Uiteraard mag het Europese landbouwbeleid wel moderner. De Europarlementscommissie voor Landbouw heeft een maand geleden al een modernisering van het landbouwbeleid ingezet. De richting is naar meer prestatiebeloning met groene en blauwe diensten door boeren en steun aan innovatie ingezet.
Samen met EU-commissaris Phil Hogan (landbouw) heb ik daar een belangrijke bijdrage aan mogen leveren als CDA-Europarlementslid bij de grootste fractie, de EVP. Net als veel lidstaten staat onze EVP-Fractie voor het belang van agrarische gezinsbedrijven en het behoud van voldoende voedselproductie in onze eigen omgeving.
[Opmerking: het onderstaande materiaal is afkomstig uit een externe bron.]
lemma has_sum_grid_vals_fourier_fun_diff:
  assumes "(\<lambda>k. cmod (c k)) summable_on UNIV" and "\<And>k. cmod (c' k) \<le> cmod (c k)"
  shows "((\<lambda>k. (c' k - c k) * grid_wave N k j1 j2)
      has_sum grid_vals N (fourier_fun c') j1 j2 - grid_vals N (fourier_fun c) j1 j2) UNIV"
proof -
  have "(\<lambda>k. cmod (c' k)) summable_on UNIV"
    using assms(1) by (rule summable_on_comparison_test) (use assms(2) in auto)
  from has_sum_grid_vals_fourier_fun[OF this] has_sum_grid_vals_fourier_fun[OF assms(1)]
  show ?thesis
    unfolding has_sum_def left_diff_distrib sum_subtractf by (rule tendsto_diff)
qed

lemma proj_N_eq_of_low_freq:
  assumes "even N" "2 * max \<bar>fst k\<bar> \<bar>snd k\<bar> < int N"
  shows "proj_N (N - 2) c k = c k"
proof -
  have "2 * \<bar>fst k\<bar> \<le> int N - 2" "2 * \<bar>snd k\<bar> \<le> int N - 2" "N \<ge> 2"
    using assms by (auto elim!: evenE)
  then have "real_of_int (2 * \<bar>fst k\<bar>) \<le> real_of_int (int N - 2)"
    "real_of_int (2 * \<bar>snd k\<bar>) \<le> real_of_int (int N - 2)" "N \<ge> 2"
    by (simp_all only: of_int_le_iff)
  then show ?thesis
    unfolding proj_N_def by (simp add: of_nat_diff)
qed

lemma norm_h_lap_le_of_has_sum:
  assumes sums: "\<And>j1 j2. ((\<lambda>k. f k j1 j2) has_sum U j1 j2) A"
    and bound: "\<And>F. finite F \<Longrightarrow> F \<subseteq> A \<Longrightarrow> norm_h N (lap_h N (\<lambda>j1 j2. \<Sum>k\<in>F. f k j1 j2)) \<le> B"
  shows "norm_h N (lap_h N U) \<le> B"
proof (rule tendsto_le[OF finite_subsets_at_top_neq_bot tendsto_const])
  have "((\<lambda>F. lap_h N (\<lambda>j1 j2. \<Sum>k\<in>F. f k j1 j2) j1 j2) \<longlongrightarrow> lap_h N U j1 j2) (finite_subsets_at_top A)" for j1 j2
    using sums unfolding has_sum_def lap_h_def divide_inverse
    by (intro tendsto_mult_right tendsto_diff tendsto_add tendsto_mult_left)
  then show "((\<lambda>F. norm_h N (lap_h N (\<lambda>j1 j2. \<Sum>k\<in>F. f k j1 j2))) \<longlongrightarrow> norm_h N (lap_h N U)) (finite_subsets_at_top A)"
    unfolding norm_h_def by (intro tendsto_real_sqrt tendsto_mult_left tendsto_sum tendsto_power tendsto_norm)
  show "\<forall>\<^sub>F F in finite_subsets_at_top A. norm_h N (lap_h N (\<lambda>j1 j2. \<Sum>k\<in>F. f k j1 j2)) \<le> B"
    by (rule eventually_finite_subsets_at_top_weakI) (rule bound)
qed

theorem lemma4p6:
  fixes s :: real
  assumes "s > 1"
  shows "\<exists>C. \<forall>(N::nat) (c::int \<times> int \<Rightarrow> complex).
           N > 2 \<longrightarrow> even N \<longrightarrow> in_Hp (s + 2) c \<longrightarrow>
           norm_h N (lap_h N (\<lambda>j1 j2. grid_vals N (fourier_fun (proj_N (N - 2) c)) j1 j2
                                      - grid_vals N (fourier_fun c) j1 j2))
             \<le> C * real N powr (- s) * Hp_semi (s + 2) c"
proof (intro exI allI impI)
  fix N :: nat and c :: "int \<times> int \<Rightarrow> complex"
  assume N: "N > 2" "even N" and c: "in_Hp (s + 2) c"
  define d where "d k = proj_N (N - 2) c k - c k" for k
  define A where "A = {k. int N \<le> 2 * max \<bar>fst k\<bar> \<bar>snd k\<bar>}"
  have proj_le: "cmod (proj_N (N - 2) c k) \<le> cmod (c k)" and d_le: "cmod (d k) \<le> cmod (c k)" for k
    by (simp_all add: proj_N_def d_def)
  have "((\<lambda>k. d k * grid_wave N k j1 j2)
      has_sum grid_vals N (fourier_fun (proj_N (N - 2) c)) j1 j2 - grid_vals N (fourier_fun c) j1 j2) UNIV" for j1 j2
    unfolding d_def using c assms proj_le
    by (intro has_sum_grid_vals_fourier_fun_diff in_Hp_abs_summable) auto
  then have "((\<lambda>k. d k * grid_wave N k j1 j2)
      has_sum grid_vals N (fourier_fun (proj_N (N - 2) c)) j1 j2 - grid_vals N (fourier_fun c) j1 j2) A" for j1 j2
    by (rule has_sum_cong_neutral[THEN iffD1, rotated -1])
      (auto simp: A_def d_def proj_N_eq_of_low_freq[OF N(2)])
  moreover have "norm_h N (lap_h N (\<lambda>j1 j2. \<Sum>k\<in>F. d k * grid_wave N k j1 j2))
      \<le> 24 / pi^2 * 2 powr (s + 2) * real N powr (- s) * Hp_semi (s + 2) c" if "finite F" "F \<subseteq> A" for F
    using norm_h_lap_grid_wave_sum_le_Hp_semi[of "s + 2" N c F d] assms N c that d_le
    by (auto simp: A_def)
  ultimately show "norm_h N (lap_h N (\<lambda>j1 j2. grid_vals N (fourier_fun (proj_N (N - 2) c)) j1 j2
      - grid_vals N (fourier_fun c) j1 j2)) \<le> 24 / pi^2 * 2 powr (s + 2) * real N powr (- s) * Hp_semi (s + 2) c"
    by (rule norm_h_lap_le_of_has_sum)
qed

end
Het Haagse liberale betoog tegen landbouwsubsidies staat ver af van de realiteit en is kansloos in Brussel. Lidstaten en zeker het Europees Parlement zullen dit nooit laten gebeuren.
Andere landen lachen juist in hun vuistje als Nederland wel de eigen boeren, tuinders en vissers minder wil beschermen. De eerste slachtoffers van het liberale beleid zijn al gevallen. Onze liberale premier heeft zich niet verzet tegen het absurde verbod op de pulstechniek in de visserij vanaf juli 2021. Dit is een innovatieve Nederlandse techniek die bodem en brandstof bespaart. De concurrenten uit Frankrijk hebben via de EU de Nederlandse voorsprong ongedaan kunnen maken. Gevolg: hogere kosten voor de Nederlandse vissers die weer met oude onzuinige technieken de zee op moeten. Wie heeft daar voordeel van?
Nederland moet niet minder, maar meer opkomen voor de boeren, tuinders en vissers: in het belang van de voedselzekerheid en de Nederlandse economische positie. We kunnen niet ‘gekke Henkie’ blijven in de EU-gelederen.
De juiste prioriteit is om op te komen voor onze veehouders, vissers en andere voedselproducenten: het is beter voor iedereen als ons land niet langer blind achter de zogenaamd liberale Franse president Emmanuel Macron en diens Europese bondgenootschap met D66 en VVD aanhobbelt!